▸ The task: Would you please return every line from the listing that contains the word "thesis"?

- Opening Delimiter -

lemma limitin_cons_topologyI:
  assumes "l \<in> topspace X" and "eventually (\<lambda>i. f i \<in> topspace X) F"
    and "\<And>U. openin X U \<Longrightarrow> compactin X U \<Longrightarrow> eventually (\<lambda>i. f i \<in> U \<longleftrightarrow> l \<in> U) F"
  shows "limitin (cons_topology X) f l F"
  unfolding cons_topology_def
proof (rule limitin_topology_generated_by)
  show "l \<in> \<Union>({U. openin X U \<and> compactin X U} \<union> {topspace X - U | U. openin X U \<and> compactin X U})"
    using assms(1) topspace_cons_topology[of X]
    unfolding cons_topology_def topology_generated_by_topspace by simp
next
  fix W assume "W \<in> {U. openin X U \<and> compactin X U} \<union> {topspace X - U | U. openin X U \<and> compactin X U}"
    and "l \<in> W"
  then consider U where "openin X U" "compactin X U" "W = U" "l \<in> U"
    | U where "openin X U" "compactin X U" "W = topspace X - U" "l \<notin> U"
    by blast
  then show "eventually (\<lambda>i. f i \<in> W) F"
  proof cases
    case 1
    then show ?thesis using assms(3)[of U] by (auto elim: eventually_mono)
  next
    case 2
    then show ?thesis using eventually_conj[OF assms(2) assms(3)[of U]] by (auto elim: eventually_mono)
  qed
qed

section \<open>Prime ideals\<close>

lemma (in ring) ideal_Union_directed:
  assumes "II \<noteq> {}" and ideals: "\<And>I. I \<in> II \<Longrightarrow> ideal I R"
    and directed: "\<And>I J. I \<in> II \<Longrightarrow> J \<in> II \<Longrightarrow> \<exists>K\<in>II. I \<subseteq> K \<and> J \<subseteq> K"
  shows "ideal (\<Union>II) R"
proof (rule idealI[OF ring_axioms])
  show "subgroup (\<Union>II) (add_monoid R)"
  proof
    show "\<Union>II \<subseteq> carrier (add_monoid R)"
      using ideals ideal.Icarr by fastforce
    obtain I where "I \<in> II"
      using assms(1) by blast
    then show "\<one>\<^bsub>add_monoid R\<^esub> \<in> \<Union>II"
      using additive_subgroup.zero_closed[OF ideal.axioms(1)[OF ideals]] by auto
  next
    fix x y assume "x \<in> \<Union>II" "y \<in> \<Union>II"
    then obtain I J where "I \<in> II" "J \<in> II" "x \<in> I" "y \<in> J"
      by blast
    then obtain K where K: "K \<in> II" "x \<in> K" "y \<in> K"
      using directed by blast
    then show "x \<otimes>\<^bsub>add_monoid R\<^esub> y \<in> \<Union>II"
      using additive_subgroup.a_closed[OF ideal.axioms(1)[OF ideals[OF K(1)]]] by auto
  next
    fix x assume "x \<in> \<Union>II"
    then obtain I where I: "I \<in> II" "x \<in> I"
      by blast
    then show "inv\<^bsub>add_monoid R\<^esub> x \<in> \<Union>II"
      using additive_subgroup.a_inv_closed[OF ideal.axioms(1)[OF ideals[OF I(1)]]]
      unfolding a_inv_def by auto
  qed
next
  fix a x assume "a \<in> \<Union>II" and x: "x \<in> carrier R"
  then obtain I where I: "I \<in> II" "a \<in> I"
    by blast
  then show "x \<otimes> a \<in> \<Union>II" and "a \<otimes> x \<in> \<Union>II"
    using ideal.I_l_closed[OF ideals[OF I(1)] I(2) x] ideal.I_r_closed[OF ideals[OF I(1)] I(2) x]
    by auto
qed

- Closing Delimiter -

▸ Exercise response:
    then show ?thesis using assms(3)[of U] by (auto elim: eventually_mono)
    then show ?thesis using eventually_conj[OF assms(2) assms(3)[of U]] by (auto elim: eventually_mono)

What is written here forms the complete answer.